In production we hit celeborn.worker.commitFiles.timeout periodically on heavy shuffles where the per-worker partition count makes the close() work exceed the timeout. When that happens today:

The driver receives no reply and times out at commitFiles.askTimeout, logging Cannot receive any reply ... in 300000 milliseconds.
Even partitions whose close() ran to completion before the timer fired are reported as not committed (because of the empty lists).
The driver marks the entire shuffle as data-lost via dataLostShuffleSet.add(shuffleId), even when most partitions succeeded.
Every reducer for that shuffle hits SHUFFLE_DATA_LOST → FetchFailedException → DAGScheduler retries the whole map stage.

With this change, the driver receives a definitive PARTIAL_SUCCESS reply with the actual committed/failed split. The data-lost set is populated based on the partitions that genuinely didn't make it. Reducers for the partitions that did commit can fetch them normally.

Does this PR introduce any user-facing change?

No client API or wire format changes. StatusCode.PARTIAL_SUCCESS is already part of the CommitFilesResponse protocol and is already handled by the driver-side CommitHandler.parallelCommitFiles retry loop.
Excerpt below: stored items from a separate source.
lemma edge_El_Cos: "Cos l C \<in> verts \<Longrightarrow> x \<in> C \<Longrightarrow> edge (El x) (Cos l C)"
  unfolding coned_edge_def using Cos_vertex_carrier by auto

lemma edge_El_mult_gen: "g \<in> carrier G \<Longrightarrow> s \<in> S \<Longrightarrow> g \<otimes> s \<noteq> g \<Longrightarrow> edge (El g) (El (g \<otimes> s))"
  unfolding coned_edge_def using gens_closed by auto

lemma reach_word:
  assumes "set ws \<subseteq> S \<union> m_inv G ` S" "a \<in> carrier G"
  shows "reach_le (delete_vertex edge (Cos l C)) (length ws) (El a) (El (a \<otimes> foldr (\<otimes>) ws \<one>))"
  using assms
proof (induction ws arbitrary: a)
  case Nil
  then show ?case by (simp add: reach_le.refl)
next
  case (Cons w ws)
  have w: "w \<in> carrier G" and ws: "set ws \<subseteq> carrier G"
    using Cons.prems(1) letters_closed by auto
  have "reach_le (delete_vertex edge (Cos l C)) (length ws) (El (a \<otimes> w))
      (El (a \<otimes> foldr (\<otimes>) (w # ws) \<one>))"
    using Cons.IH[of "a \<otimes> w"] Cons.prems w ws by (simp add: m_assoc foldr_mult_closed)
  moreover have "a \<otimes> w = a \<or> delete_vertex edge (Cos l C) (El a) (El (a \<otimes> w))"
  proof (cases "w \<in> S")
    case True
    then show ?thesis using Cons.prems(2) edge_El_mult_gen by (auto simp: delete_vertex_def)
  next
    case False
    then obtain s where s: "s \<in> S" "w = inv s" using Cons.prems(1) by auto
    then have "a \<otimes> w \<otimes> s = a" using Cons.prems(2) gens_closed by (auto simp: m_assoc)
    then show ?thesis
      using edge_El_mult_gen[of "a \<otimes> w" s] s(1) Cons.prems(2) w symp_edge
      by (auto simp: delete_vertex_def dest: sympD)
  qed
  ultimately show ?case
    by (auto intro: reach_le.step reach_le_mono)
qed

lemma reach_word_dist:
  assumes "a \<in> carrier G" "b \<in> carrier G" "word_dist G S a b \<le> d"
  shows "reach_le (delete_vertex edge (Cos l C)) d (El a) (El b)"
proof -
  obtain ws where ws: "length ws = word_dist G S a b" "set ws \<subseteq> S \<union> m_inv G ` S"
    "foldr (\<otimes>) ws \<one> = inv a \<otimes> b"
    using shortest_word[of "inv a \<otimes> b"] assms(1,2) unfolding word_dist_def by auto
  have "a \<otimes> (inv a \<otimes> b) = b" using assms(1,2) by (simp add: m_assoc[symmetric])
  with reach_word[OF ws(2) assms(1)] ws(1,3) assms(3) show ?thesis
    by (metis reach_le_mono)
qed

lemma reach_through_coset:
  assumes "Cos m W \<in> verts" "Cos m W \<noteq> Cos l C" "x \<in> W" "y \<in> W"
  shows "reach_le (delete_vertex edge (Cos l C)) 2 (El x) (El y)"
proof -
  have "delete_vertex edge (Cos l C) (El x) (Cos m W)" "delete_vertex edge (Cos l C) (Cos m W) (El y)"
    using assms edge_El_Cos symp_edge by (auto simp: delete_vertex_def dest: sympD)
  then show ?thesis by (auto intro!: reach_le.step intro: reach_le.refl simp: numeral_2_eq_2)
qed

definition verts_with_rep :: "'a set \<Rightarrow> ('a, 'l) cvert set" where
  "verts_with_rep R = El ` R \<union> (\<lambda>(l, c). Cos l (c <# P l)) ` (Lam \<times> R)"

lemma finite_verts_with_rep: "finite Lam \<Longrightarrow> finite R \<Longrightarrow> finite (verts_with_rep R)"
  unfolding verts_with_rep_def by simp

lemma verts_with_rep_mono: "R \<subseteq> R' \<Longrightarrow> verts_with_rep R \<subseteq> verts_with_rep R'"
  unfolding verts_with_rep_def by blast

lemma Cos_in_verts_with_rep: "Cos l C \<in> verts \<Longrightarrow> c \<in> C \<Longrightarrow> c \<in> R \<Longrightarrow> Cos l C \<in> verts_with_rep R"
proof -
  assume C: "Cos l C \<in> verts" and c: "c \<in> C" "c \<in> R"
  then have "l \<in> Lam" by (auto elim: Cos_vertexE)
  with C c show ?thesis unfolding verts_with_rep_def using Cos_vertex_repr by force
qed

lemma peripheral_in_verts_with_rep: "l \<in> Lam \<Longrightarrow> \<one> \<in> R \<Longrightarrow> Cos l (P l) \<in> verts_with_rep R"
  by (metis Cos_in_verts_with_rep peripheral_in_verts subgroup.one_closed subgroup_P)

lemma one_in_word_ball: "\<one> \<in> word_ball n"
  unfolding word_ball_def by simp

lemma near_one_in_verts_with_rep:
  assumes v: "v \<in> verts" and near: "ext_dist G S (El \<one>) v \<le> n"
  shows "v \<in> verts_with_rep (word_ball n)"
proof (cases v)
  case (El b)
  then show ?thesis using v near unfolding verts_with_rep_def word_ball_def by simp
next
  case (Cos l C)
  then obtain c where "c \<in> C" "word_dist G S \<one> c \<le> n"
    using v near ext_dist_El_Cos_witness by metis
  moreover have "c \<in> carrier G" using calculation(1) v Cos Cos_vertex_carrier by blast
  ultimately show ?thesis using v Cos Cos_in_verts_with_rep[of l C c] by (auto simp: word_ball_def)
qed

lemma translate_simplex_at_element:
  assumes \<sigma>: "\<sigma> \<in> rips_simplices G S Lam P n" and a: "El a \<in> \<sigma>"
  shows "cact G (inv a) ` \<sigma> \<subseteq> verts_with_rep (word_ball n)"
proof
  fix v assume v: "v \<in> cact G (inv a) ` \<sigma>"
  have "a \<in> carrier G" using a rips_simplex_verts[OF \<sigma>] by auto
  then have \<sigma>': "cact G (inv a) ` \<sigma> \<in> rips_simplices G S Lam P n" and "El \<one> \<in> cact G (inv a) ` \<sigma>"
    using \<sigma> a cact_rips_simplex by (auto intro: image_eqI[where x = "El a"])
  then show "v \<in> verts_with_rep (word_ball n)"
    using v rips_simplex_diam[OF \<sigma>'] rips_simplex_verts[OF \<sigma>'] near_one_in_verts_with_rep by blast
qed

definition peripheral_detours :: "nat \<Rightarrow> 'a set" where
  "peripheral_detours K =
     {p. \<exists>l\<in>Lam. p \<in> P l \<and> reach_le (delete_vertex edge (Cos l (P l))) K (El p) (El \<one>)}"

lemma finite_peripheral_detours:
  assumes "finite Lam" "fine_graph edge"
  shows "finite (peripheral_detours K)"
proof -
  define detour where
    "detour l = {x. edge (Cos l (P l)) x \<and> reach_le (delete_vertex edge (Cos l (P l))) K x (El \<one>)}"
    for l
  have edge_P: "edge (Cos l (P l)) (El p)" if "l \<in> Lam" "p \<in> P l" for l p
    using that peripheral_in_verts edge_El_Cos symp_edge by (meson sympD)
  have "peripheral_detours K \<subseteq> (\<Union>l\<in>Lam. El -` detour l)"
    unfolding peripheral_detours_def detour_def using edge_P by auto
  moreover have "finite (detour l)" if "l \<in> Lam" for l
    unfolding detour_def using assms(2) symp_edge
    by (rule fine_graph_finite_detours) (use that edge_P subgroup.one_closed subgroup_P in blast)
  then have "finite (\<Union>l\<in>Lam. El -` detour l)"
    using assms(1) by (intro finite_UN_I finite_vimageI) (auto simp: inj_def)
  ultimately show ?thesis by (rule finite_subset)
qed

(* 3n+4 is the length of the detour built in translate_simplex_at_peripheral. *)
definition simplex_reps :: "nat \<Rightarrow> 'a set" where
  "simplex_reps n = word_ball n \<union> (\<Union>p \<in> peripheral_detours (3 * n + 4). p <# word_ball n)"

lemma finite_simplex_reps:
  assumes "finite S" "finite Lam" "fine_graph edge"
  shows "finite (simplex_reps n)"
  unfolding simplex_reps_def l_coset_def
  using assms finite_word_ball finite_peripheral_detours by auto

lemma translate_simplex_at_peripheral:
  assumes \<sigma>: "\<sigma> \<in> rips_simplices G S Lam P n" and l: "l \<in> Lam" and U: "Cos l (P l) \<in> \<sigma>"
    and v: "Cos m D \<in> \<sigma>" "Cos m D \<noteq> Cos l (P l)" and b: "b \<in> D" "word_len G S b \<le> n"
    and w: "Cos k W \<in> \<sigma>"
  shows "Cos k W \<in> verts_with_rep (simplex_reps n)"
proof (cases "Cos k W = Cos l (P l)")
  case True
  then show ?thesis
    using l peripheral_in_verts_with_rep one_in_word_ball unfolding simplex_reps_def by simp
next
  case False
  let ?E = "delete_vertex edge (Cos l (P l))"
  have verts: "Cos l (P l) \<in> verts" "Cos m D \<in> verts" "Cos k W \<in> verts"
    using \<sigma> U v w rips_simplex_verts by blast+
  obtain p x where px: "p \<in> P l" "x \<in> W" "word_dist G S p x \<le> n"
    using ext_dist_Cos_Cos_witness[OF verts(1,3) rips_simplex_diam[OF \<sigma> U w]] .
  obtain y y' where yy': "y \<in> W" "y' \<in> D" "word_dist G S y y' \<le> n"
    using ext_dist_Cos_Cos_witness[OF verts(3,2) rips_simplex_diam[OF \<sigma> w v(1)]] .
  have carrier: "p \<in> carrier G" "x \<in> carrier G" "y \<in> carrier G" "y' \<in> carrier G" "b \<in> carrier G"
    using px(1,2) yy'(1,2) b(1) verts(1,2,3) Cos_vertex_carrier by (meson subsetD)+
  \<comment> \<open>the detour p \<rightarrow> x \<rightarrow> W \<rightarrow> y \<rightarrow> y' \<rightarrow> D \<rightarrow> b \<rightarrow> \<one> avoids the cone point P l\<close>
  have "reach_le ?E n (El p) (El x)" "reach_le ?E n (El y) (El y')"
    using px(3) yy'(3) carrier by (simp_all add: reach_word_dist)
  moreover have "reach_le ?E 2 (El x) (El y)" "reach_le ?E 2 (El y') (El b)"
    using reach_through_coset[OF verts(3) False px(2) yy'(1)]
      reach_through_coset[OF verts(2) v(2) yy'(2) b(1)] by simp_all
  moreover have "reach_le ?E n (El b) (El \<one>)"
    by (rule reach_le_sym[OF symp_delete_vertex[OF symp_edge]], rule reach_word_dist)
      (use b carrier in auto)
  ultimately have "reach_le ?E (n + (2 + (n + (2 + n)))) (El p) (El \<one>)"
    by (meson reach_le_trans)
  then have "p \<in> peripheral_detours (3 * n + 4)"
    unfolding peripheral_detours_def using l px(1) by (auto simp: numeral_eq_Suc add.commute)
  moreover have "x = p \<otimes> (inv p \<otimes> x)" "inv p \<otimes> x \<in> word_ball n"
    using carrier px(3) by (simp_all add: m_assoc[symmetric] word_ball_def word_dist_def)
  ultimately have "x \<in> simplex_reps n"
    unfolding simplex_reps_def l_coset_def by blast
  then show ?thesis using Cos_in_verts_with_rep verts(3) px(2) by blast
qed

lemma cact_inv_repr: "Cos l C \<in> verts \<Longrightarrow> a \<in> C \<Longrightarrow> cact G (inv a) (Cos l C) = Cos l (P l)"
proof -
  assume C: "Cos l C \<in> verts" and a: "a \<in> C"
  then have "a \<in> carrier G" "C = a <# P l" "l \<in> Lam"
    using Cos_vertex_carrier Cos_vertex_repr by (auto elim: Cos_vertexE)
  then show ?thesis
    by (simp add: lcos_m_assoc lcos_mult_one subgroup.subset subgroup_P)
qed

lemma translate_simplex_of_cosets:
  assumes \<sigma>: "\<sigma> \<in> rips_simplices G S Lam P n" and no_El: "\<And>a. El a \<notin> \<sigma>"
    and u: "Cos l C \<in> \<sigma>" and v: "Cos m D \<in> \<sigma>" "Cos m D \<noteq> Cos l C"
  shows "\<exists>g\<in>carrier G. cact G g ` \<sigma> \<subseteq> verts_with_rep (simplex_reps n)"
proof -
  have verts: "\<sigma> \<subseteq> verts" using \<sigma> by (rule rips_simplex_verts)
  have l: "l \<in> Lam" using u verts by (auto elim: Cos_vertexE)
  obtain a b where ab: "a \<in> C" "b \<in> D" "word_dist G S a b \<le> n"
    using ext_dist_Cos_Cos_witness rips_simplex_diam[OF \<sigma> u v(1)] u v(1) verts by blast
  have a: "a \<in> carrier G"
    using ab(1) u verts Cos_vertex_carrier by blast
  let ?\<sigma>' = "cact G (inv a) ` \<sigma>"
  have "?\<sigma>' \<in> rips_simplices G S Lam P n" using a \<sigma> by (simp add: cact_rips_simplex)
  moreover have u': "cact G (inv a) (Cos l C) = Cos l (P l)" using cact_inv_repr u verts ab(1) by blast
  then have "Cos l (P l) \<in> ?\<sigma>'" using u by (metis image_eqI)
  moreover have "Cos m (inv a <# D) \<in> ?\<sigma>'" using v(1) by force
  moreover have "Cos m (inv a <# D) \<noteq> Cos l (P l)"
  proof
    assume "Cos m (inv a <# D) = Cos l (P l)"
    then have "cact G (inv a) (Cos m D) = cact G (inv a) (Cos l C)" using u' by simp
    then show False using inj_on_cact[of "inv a"] a u v verts by (meson inj_onD inv_closed subsetD)
  qed
  moreover have "inv a \<otimes> b \<in> inv a <# D" "word_len G S (inv a \<otimes> b) \<le> n"
    using ab(2,3) unfolding l_coset_def word_dist_def by auto
  ultimately have rep: "Cos k W \<in> verts_with_rep (simplex_reps n)" if "Cos k W \<in> ?\<sigma>'" for k W
    using translate_simplex_at_peripheral[OF _ l] that by blast
  have "?\<sigma>' \<subseteq> verts_with_rep (simplex_reps n)"
  proof
    fix w assume w: "w \<in> ?\<sigma>'"
    then obtain w0 where "w0 \<in> \<sigma>" "w = cact G (inv a) w0" by blast
    with no_El obtain k W where "w = Cos k W" by (cases w0) auto
    then show "w \<in> verts_with_rep (simplex_reps n)" using w rep by metis
  qed
  then show ?thesis using a by blast
qed

lemma rips_simplex_translate:
  assumes \<sigma>: "\<sigma> \<in> rips_simplices G S Lam P n"
  shows "\<exists>g\<in>carrier G. cact G g ` \<sigma> \<subseteq> verts_with_rep (simplex_reps n)"
proof (cases "\<exists>a. El a \<in> \<sigma>")
  case True
  then obtain a where a: "El a \<in> \<sigma>" by blast
  then have "a \<in> carrier G" using rips_simplex_verts[OF \<sigma>] by auto
  moreover have "verts_with_rep (word_ball n) \<subseteq> verts_with_rep (simplex_reps n)"
    by (rule verts_with_rep_mono) (auto simp: simplex_reps_def)
  ultimately show ?thesis using translate_simplex_at_element[OF \<sigma> a] by blast
next
  case False
  have verts: "\<sigma> \<subseteq> verts" using \<sigma> by (rule rips_simplex_verts)
  obtain u where u: "u \<in> \<sigma>" using \<sigma> unfolding rips_simplices_def by blast
  with False obtain l C where uC: "u = Cos l C" by (cases u) auto
  show ?thesis
  proof (cases "\<sigma> = {u}")
    case True
    obtain a where "a \<in> C" using u uC verts Cos_vertex_nonempty by blast
    moreover have "a \<in> carrier G" "l \<in> Lam"
      using calculation u uC verts Cos_vertex_carrier by (auto elim: Cos_vertexE)
    ultimately show ?thesis
      using True u uC verts cact_inv_repr peripheral_in_verts_with_rep one_in_word_ball
      by (intro bexI[of _ "inv a"]) (auto simp: simplex_reps_def)
  next
    case False
    then obtain v where "v \<in> \<sigma>" "v \<noteq> u" using u by blast
    with \<open>\<nexists>a. El a \<in> \<sigma>\<close> u uC show ?thesis
      by (cases v) (auto intro: translate_simplex_of_cosets[OF \<sigma>])
  qed
qed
The user-visible effect is reduced blast radius when a worker's commit times out under heavy load.

How was this patch tested?

./build/mvn -DskipTests install builds the full tree cleanly on main (verified locally with Java 17 / Maven 3.9); the file is byte-identical between main and branch-0.6, so the same patch applies and compiles on both.
The change preserves the existing COMMIT_FILE_EXCEPTION path byte-for-byte for the "nothing committed" case; the new branch reuses the exact same construction pattern as the success-path reply() method (committedPrimaryStorageAndDiskHintList, committedReplicaStorageAndDiskHintList, committedMapIdBitMapList, etc.).
All required imports (jArrayList, jHashMap, RoaringBitmap, StorageInfo) are already in scope at the top of Controller.scala.
Unit/integration tests for the partial-success-on-timeout path are TBD; happy to add a test if reviewers point me at the right test class to extend.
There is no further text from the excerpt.